Designers and entrepreneurs are driven to create things that improve people’s lives. As we practice our craft, we learn that success depends upon our ability to bring others along to help us realize our vision. Today, being a successful designer or entrepreneur requires becoming a great storyteller—painting a picture of what’s possible in a way that addresses key stakeholders’ concerns. Yet, most of the time we’re more concerned with refining what we’re working on than testing how we’re communicating or understanding what the audience needs to hear and see.
In this hands-on workshop, Bruce King-Shey and Joyce Chen offer some tips and tools for an iterative, rapid-prototyping approach to storytelling. This workshop will help you craft better stories about yourself and your ideas—whether your audience is your client, your professor, your future employer, or another key stakeholder in your creative journey.
Bruce King-Shey is passionate about helping companies grow through design and innovation. He addresses challenging, yet promising opportunities by combining business strategy, product design, and social science to determine where to play and then execute to win. He leads multi-disciplinary teams to deliver real business value and results by developing emotional product experiences, scalable business models and platform roadmaps. Bruce is currently the head of design for the Data+Design team at JPMorgan where he develops new data products utilizing the massive amount of the bank's client data. Prior to that role, Bruce was Vice President, Head of Global Design Innovation for PepsiCo in New York. Previous to joining PepsiCo, Bruce was Vice President of Strategy at Jump Associates and led its New York City office. Bruce taught innovation and new business creation across a wide variety of industries and academic institutions, both in the United States and internationally. He has written articles for publication and presented at numerous conferences around the United States and internationally about the impacts of culture on the production of design. He holds a B.F.A in industrial design and an M.A. in visual criticism from California College of the Arts.
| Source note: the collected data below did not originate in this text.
lemma subst_iter_one_extends_into_S:
  assumes u: "u \<in> (subst_set (kbonacci k) ^^ J) {[1]}"
  shows "\<exists>v s. length v = n \<and> s \<in> S_kbonacci k \<and> legal (kbonacci k) {1..k} (u @ v @ s)"
proof -
  define m where "m = Suc (Suc n)"
  define E where "E = (word_hom kb_right ^^ J) (right_tail m)"
  have length_E: "Suc (Suc n) \<le> length E"
    using length_word_hom_iter[of kb_right "right_tail m" J] length_right_tail[of m]
      kb_right_nonempty unfolding E_def m_def by fastforce
  have "u @ E \<in> (subst_set (kbonacci k) ^^ J) {[1] @ right_tail m}"
    unfolding E_def using right_tail_alphabet
    by (intro subst_iter_append u kb_right_iter_in_subst_iter)
  moreover have "[1] @ right_tail m \<in> (subst_set (kbonacci k) ^^ m) {[1]}"
    using kb_right_iter_in_subst_iter[of "[1]" m] two_le_k unfolding kb_right_iter_one by simp
  ultimately have "u @ E \<in> (subst_set (kbonacci k) ^^ (J + m)) {[1]}"
    by (rule subst_iter_trans)
  then have legal_uE: "legal (kbonacci k) {1..k} (u @ E)"
    using two_le_k by (intro legal_subst_iter_letter[of 1]) simp_all
  have "successively (\<lambda>a b. a = 1 \<or> b = 1) E"
    unfolding E_def m_def by (rule successively_kb_right_image_right_tail)
  then have "E ! n = 1 \<or> E ! Suc n = 1"
    using successively_nth[of _ E n] length_E by simp
  moreover have "E ! n \<in> set E" "E ! Suc n \<in> set E" "set E \<subseteq> {1..k}"
    using length_E legal_alphabet[OF rsubst_on_kbonacci legal_uE] by simp_all
  ultimately have "[E ! n, E ! Suc n] \<in> S_kbonacci k"
    unfolding S_kbonacci_def by auto
  moreover have "prefix (u @ take n E @ [E ! n, E ! Suc n]) (u @ E)"
    using length_E take_is_prefix[of "Suc (Suc n)" E] by (simp add: take_Suc_conv_app_nth)
  then have "legal (kbonacci k) {1..k} (u @ take n E @ [E ! n, E ! Suc n])"
    using legal_uE legal_sublist prefix_imp_sublist by blast
  ultimately show ?thesis
    using length_E by (intro exI[of _ "take n E"] exI[of _ "[E ! n, E ! Suc n]"]) simp
qed
lemma janowski_image_ball_subset_car_region:
  assumes B: "\<bar>B\<bar> \<le> 1" "B \<le> A" and r: "r \<le> 1" "(2*A - B) * r \<le> 1" "(2*A - 5*B) * r \<le> 3"
  shows "janowski A B ` ball 0 r \<subseteq> car_region"
proof
  fix p assume "p \<in> janowski A B ` ball 0 r"
  then obtain v where v: "cmod v < r" and p: "p = janowski A B v"
    by auto
  define s where "s = cmod v"
  have s: "0 \<le> s" "s < r" "s < 1"
    using v r by (auto simp: s_def)
  have below: "k * s < c" if "k * r \<le> c" "0 < c" for k c :: real
  proof (cases "k \<le> 0")
    case True
    then have "k * s \<le> 0"
      using s(1) by (rule mult_nonpos_nonneg)
    with that show ?thesis by linarith
  next
    case False
    then have "k * s < k * r"
      using s(2) by simp
    with that show ?thesis by linarith
  qed
  have "\<bar>B * s\<bar> < 1"
    using abs_mult_less_1[OF B(1)] s by simp
  then have pos: "0 < 1 + B * s" "0 < 1 - B * s"
    by (auto simp: abs_less_iff)
  define D where "D = 1 - B^2 * s^2"
  define c where "c = (1 - A*B * s^2) / D"
  define \<rho> where "\<rho> = (A - B) * s / D"
  have D: "0 < D"
    using mult_pos_pos[OF pos] by (simp add: D_def power2_eq_square algebra_simps)
  have "c - 1/2 - \<rho> = (1 + B * s) * (1 - (2*A - B) * s) / (2 * D)"
    using D by (simp add: c_def \<rho>_def field_simps) (simp add: D_def power2_eq_square algebra_simps)
  moreover have "5/2 - c - \<rho> = (1 - B * s) * (3 - (2*A - 5*B) * s) / (2 * D)"
    using D by (simp add: c_def \<rho>_def field_simps) (simp add: D_def power2_eq_square algebra_simps)
  moreover have "0 < (1 + B * s) * (1 - (2*A - B) * s) / (2 * D)"
    using pos below[OF r(2)] D by simp
  moreover have "0 < (1 - B * s) * (3 - (2*A - 5*B) * s) / (2 * D)"
    using pos below[OF r(3)] D by simp
  moreover have "cmod (p - of_real c) = \<rho>"
    using norm_janowski_minus_center[OF B(1), of v A] v r B(2)
    by (simp add: p c_def \<rho>_def D_def s_def)
  ultimately have "p \<in> ball (of_real c) (min (c - 1/2) (5/2 - c))"
    by (simp add: dist_norm norm_minus_commute)
  then show "p \<in> car_region"
    using ball_subset_car_region by blast
qed
lemma longest_path_positions_card_le:
  assumes Q: "longest_path Q" and z: "z \<in> V" "z \<notin> set Q"
  shows "card (positions Q (nbrs (hd Q))) + card (positions Q (nbrs (last Q)))
      + card (positions Q (nbrs z))
    \<le> length Q - 1 + card (positions Q (nbrs (hd Q) \<inter> nbrs (last Q) \<inter> nbrs z))"
  unfolding positions_Int
proof (rule card_index_sets_le)
  let ?a = "hd Q" and ?b = "last Q" and ?p = "length Q"
  have Qp: "Q \<noteq> []" using Q by (simp add: longest_path_def is_path_def)
  then have a: "?a = Q ! 0" and b: "?b = Q ! (?p - 1)" by (simp_all add: hd_conv_nth last_conv_nth)
  have za: "\<not> E z ?a" and zb: "\<not> E z ?b"
    using longest_path_hd_nbrs[OF Q] longest_path_last_nbrs[OF Q] z edge_sym
    unfolding nbrs_def by blast+
  show "positions Q (nbrs ?a) \<subseteq> {1..<?p}"
    using a edge_irrefl by (auto simp: positions_def nbrs_def Suc_le_eq intro!: gr0I)
  show "positions Q (nbrs ?b) \<subseteq> {..<?p - 1}"
  proof
    fix i assume "i \<in> positions Q (nbrs ?b)"
    then have "i < ?p" "i \<noteq> ?p - 1" using b edge_irrefl by (auto simp: positions_def nbrs_def)
    then show "i \<in> {..<?p - 1}" by simp
  qed
  show "positions Q (nbrs z) \<subseteq> {1..<?p - 1}"
  proof
    fix i assume "i \<in> positions Q (nbrs z)"
    then have "i < ?p" "E z (Q ! i)" by (auto simp: positions_def nbrs_def)
    moreover from \<open>E z (Q ! i)\<close> have "i \<noteq> 0" "i \<noteq> ?p - 1" using a b za zb by metis+
    ultimately show "i \<in> {1..<?p - 1}" by simp
  qed
  show "j \<notin> positions Q (nbrs ?b)" if "Suc j \<in> positions Q (nbrs ?a)" for j
  proof
    assume "j \<in> positions Q (nbrs ?b)"
    with that have "Suc j < ?p" "E ?a (Q ! Suc j)" "E ?b (Q ! j)"
      by (auto simp: positions_def nbrs_def)
    then show False using longest_path_no_crossing[OF Q z] edge_sym by blast
  qed
  show "j \<notin> positions Q (nbrs ?b)" if "Suc j \<in> positions Q (nbrs z)" for j
  proof
    assume "j \<in> positions Q (nbrs ?b)"
    with that have "Suc j < ?p" "E z (Q ! Suc j)" "E ?b (Q ! j)"
      by (auto simp: positions_def nbrs_def)
    then show False
      using longest_path_rotate_last_nbrs[OF Q] z edge_sym edge_in_V unfolding nbrs_def by blast
  qed
  show "Suc j \<notin> positions Q (nbrs ?a)" if "j \<in> positions Q (nbrs z)" for j
  proof
    assume "Suc j \<in> positions Q (nbrs ?a)"
    with that have "Suc j < ?p" "E z (Q ! j)" "E ?a (Q ! Suc j)"
      by (auto simp: positions_def nbrs_def)
    then show False
      using longest_path_rotate_hd_nbrs[OF Q] z edge_sym edge_in_V unfolding nbrs_def by blast
  qed
  show "Suc j \<notin> positions Q (nbrs z)" if "j \<in> positions Q (nbrs z)" for j
    using that longest_path_outside_nbrs_nonconsecutive[OF Q z, of j]
    by (auto simp: positions_def nbrs_def)
qed
lemma pullback_contraction:
  assumes orbit: "typical \<omega>" and "e > 0"
  shows "\<exists>M. \<forall>n\<ge>M. zero_sum_contraction (X \<epsilon> n ((\<sigma> ^^ n) \<omega>)) e"
proof (rule eventually_zero_sum_contraction[OF _ _ \<open>e > 0\<close>])
  show "zero_sum_contraction (X \<epsilon> n ((\<sigma> ^^ n) \<omega>)) 1" for n
    using typical_theta_sigma[OF orbit, of 0 n]
    by (intro zero_sum_contraction_stochastic typical_point_stochastic) simp
  fix m
  obtain s where "s \<ge> m + L" and s: "N ((\<sigma> ^^ s) \<omega>) \<le> L"
    using orbit unfolding typical_orbit_def by blast
  define t where "t = s - L"
  define x where "x = (\<sigma> ^^ s) \<omega>"
  have x: "typical_point X \<theta> N \<epsilon> x" using typical_theta_sigma[OF orbit, of 0 s] unfolding x_def by simp
  have block: "zero_sum_contraction (X \<epsilon> L x) (1/2)"
    using typical_block_contraction[OF orbit _ s] unfolding x_def by blast
  have "(\<theta> ^^ L) x = (\<sigma> ^^ t) \<omega>"
    using theta_funpow_sigma_funpow[of \<omega> L t] orbit \<open>s \<ge> m + L\<close>
    unfolding x_def t_def typical_orbit_def by simp
  then have s_split: "X \<epsilon> s x = X \<epsilon> t ((\<sigma> ^^ t) \<omega>) ** X \<epsilon> L x"
    using typical_point_cocycle[OF x, of t L] \<open>s \<ge> m + L\<close> unfolding t_def by simp
  have "zero_sum_contraction (X \<epsilon> n ((\<sigma> ^^ n) \<omega>)) (b/2)"
    if "n \<ge> t + L" "0 \<le> b" "zero_sum_contraction (X \<epsilon> t ((\<sigma> ^^ t) \<omega>)) b" for n b
  proof -
    obtain R where R: "column_stochastic R"
      "X \<epsilon> (s + (n - s)) ((\<sigma> ^^ (s + (n - s))) \<omega>) = X \<epsilon> s ((\<sigma> ^^ s) \<omega>) ** R"
      using pullback_split[OF orbit, of s "n - s"] by blast
    then have "X \<epsilon> n ((\<sigma> ^^ n) \<omega>) = (X \<epsilon> t ((\<sigma> ^^ t) \<omega>) ** X \<epsilon> L x) ** R"
      using \<open>n \<ge> t + L\<close> \<open>s \<ge> m + L\<close> s_split unfolding x_def t_def by simp
    moreover have "zero_sum_contraction (X \<epsilon> t ((\<sigma> ^^ t) \<omega>) ** X \<epsilon> L x) (b * (1/2))"
      by (rule zero_sum_contraction_mult[OF typical_point_stochastic[OF x] that(3) block that(2)])
    ultimately show ?thesis
      using zero_sum_contraction_mult[OF R(1) _ zero_sum_contraction_stochastic[OF R(1)]] that(2)
      by simp
  qed
  moreover have "t \<ge> m" using \<open>s \<ge> m + L\<close> unfolding t_def by simp
  ultimately show "\<exists>t\<ge>m. \<forall>n\<ge>t+L. \<forall>b\<ge>0. zero_sum_contraction (X \<epsilon> t ((\<sigma> ^^ t) \<omega>)) b \<longrightarrow>
      zero_sum_contraction (X \<epsilon> n ((\<sigma> ^^ n) \<omega>)) (b/2)"
    by blast
qed

lemma pullback_limit_attracts:
  assumes orbit: "typical \<omega>" and q: "q \<in> simplex1"
  shows "(\<lambda>n. l1norm (X \<epsilon> n ((\<sigma> ^^ n) \<omega>) *v q - pullback_limit X \<sigma> \<epsilon> \<omega>)) \<longlonglongrightarrow> 0"
proof -
  obtain p where p: "p \<in> simplex1"
    "\<And>q. q \<in> simplex1 \<Longrightarrow> (\<lambda>n. l1norm (X \<epsilon> n ((\<sigma> ^^ n) \<omega>) *v q - p)) \<longlonglongrightarrow> 0"
  proof -
    have "\<exists>p\<in>simplex1. \<forall>q\<in>simplex1. (\<lambda>n. l1norm (X \<epsilon> n ((\<sigma> ^^ n) \<omega>) *v q - p)) \<longlonglongrightarrow> 0"
    proof (rule pullback_limit_exists)
      show "column_stochastic (X \<epsilon> n ((\<sigma> ^^ n) \<omega>))" for n
        using typical_theta_sigma[OF orbit, of 0 n] typical_point_stochastic by simp
      show "\<exists>R. column_stochastic R \<and> X \<epsilon> (n + m) ((\<sigma> ^^ (n + m)) \<omega>) = X \<epsilon> n ((\<sigma> ^^ n) \<omega>) ** R"
        for n m by (rule pullback_split[OF orbit])
      show "\<exists>N. \<forall>n\<ge>N. zero_sum_contraction (X \<epsilon> n ((\<sigma> ^^ n) \<omega>)) e" if "e > 0" for e
        by (rule pullback_contraction[OF orbit that])
    qed
    then show ?thesis using that by blast
  qed
  then have "(\<lambda>n. X \<epsilon> n ((\<sigma> ^^ n) \<omega>) *v axis undefined 1) \<longlonglongrightarrow> p"
    using p(2)[OF axis_in_simplex]
      tendsto_l1norm_iff[of "\<lambda>n. X \<epsilon> n ((\<sigma> ^^ n) \<omega>) *v axis undefined 1" p] by simp
  then have "pullback_limit X \<sigma> \<epsilon> \<omega> = p" using p(1) by (rule pullback_limit_eqI)
  then show ?thesis using p(2)[OF q] by simp
qed

lemma pullback_limit_invariant:
  assumes orbit: "typical \<omega>"
  shows "X \<epsilon> n \<omega> *v pullback_limit X \<sigma> \<epsilon> \<omega> = pullback_limit X \<sigma> \<epsilon> ((\<theta> ^^ n) \<omega>)"
proof -
  define e0 :: "real^'k" where "e0 = axis undefined 1"
  have \<omega>: "\<omega> \<in> \<Omega>" using orbit unfolding typical_orbit_def by blast
  have A: "column_stochastic (X \<epsilon> n \<omega>)"
    using typical_theta[OF orbit, of 0 0] by (simp add: typical_point_stochastic)
  have "(\<lambda>k. X \<epsilon> k ((\<sigma> ^^ k) \<omega>) *v e0) \<longlonglongrightarrow> pullback_limit X \<sigma> \<epsilon> \<omega>"
    using pullback_limit_attracts[OF orbit axis_in_simplex[of undefined]]
      tendsto_l1norm_iff[of "\<lambda>k. X \<epsilon> k ((\<sigma> ^^ k) \<omega>) *v e0"] unfolding e0_def by simp
  then have "(\<lambda>k. X \<epsilon> n \<omega> *v (X \<epsilon> k ((\<sigma> ^^ k) \<omega>) *v e0)) \<longlonglongrightarrow> X \<epsilon> n \<omega> *v pullback_limit X \<sigma> \<epsilon> \<omega>"
    by (rule column_stochastic_tendsto[OF A])
  moreover have "X \<epsilon> (k + n) ((\<sigma> ^^ (k + n)) ((\<theta> ^^ n) \<omega>)) *v e0 =
      X \<epsilon> n \<omega> *v (X \<epsilon> k ((\<sigma> ^^ k) \<omega>) *v e0)" for k
  proof -
    have "(\<sigma> ^^ (k + n)) ((\<theta> ^^ n) \<omega>) = (\<sigma> ^^ k) \<omega>"
      using sigma_funpow_theta_funpow[OF \<omega>, of n k] by (simp add: add.commute)
    moreover have "(\<theta> ^^ k) ((\<sigma> ^^ k) \<omega>) = \<omega>" using theta_funpow_sigma_funpow[OF \<omega>, of k 0] by simp
    ultimately show ?thesis
      using typical_point_cocycle[OF typical_theta_sigma[OF orbit, of 0 k, simplified], of n k]
      by (simp add: add.commute matrix_vector_mul_assoc)
  qed
  ultimately have "(\<lambda>k. X \<epsilon> k ((\<sigma> ^^ k) ((\<theta> ^^ n) \<omega>)) *v e0) \<longlonglongrightarrow>
      X \<epsilon> n \<omega> *v pullback_limit X \<sigma> \<epsilon> \<omega>"
    using LIMSEQ_offset[of "\<lambda>k. X \<epsilon> k ((\<sigma> ^^ k) ((\<theta> ^^ n) \<omega>)) *v e0" n] by simp
  then show ?thesis unfolding e0_def
    by (intro pullback_limit_eqI[symmetric] column_stochastic_simplex[OF A pullback_limit_simplex])
qed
He also earned a B.S. in civil engineering from Johns Hopkins University.
Joyce Chen is passionate about translating vision and strategy into concrete, real-life experiences and interactions, as well as helping teams set up the environment and adopt the behaviors to enable collaborative, human-centered product development. In her four years at Capital One she has created and scaled design thinking training, helped set up an accelerator operating model for Capital One Labs, and is currently leading the strategic design and execution of Capital One’s in-person retail experiences. Prior to joining Capital One, Joyce helped companies like Target, PepsiCo, GE, and Energizer define new business opportunities and re-invent existing businesses as a design and innovation consultant at Jump Associates in New York City. She holds an M.Design from the Institute of Design at Illinois Institute of Technology and a B.S. from Stanford University. She lives in Washington, D.C. and spends the majority of her time outside of work experimenting with her sourdough starter, trying to stay active and (most importantly) getting schooled in parenting by her two young children, Julian (4) and Rose (2).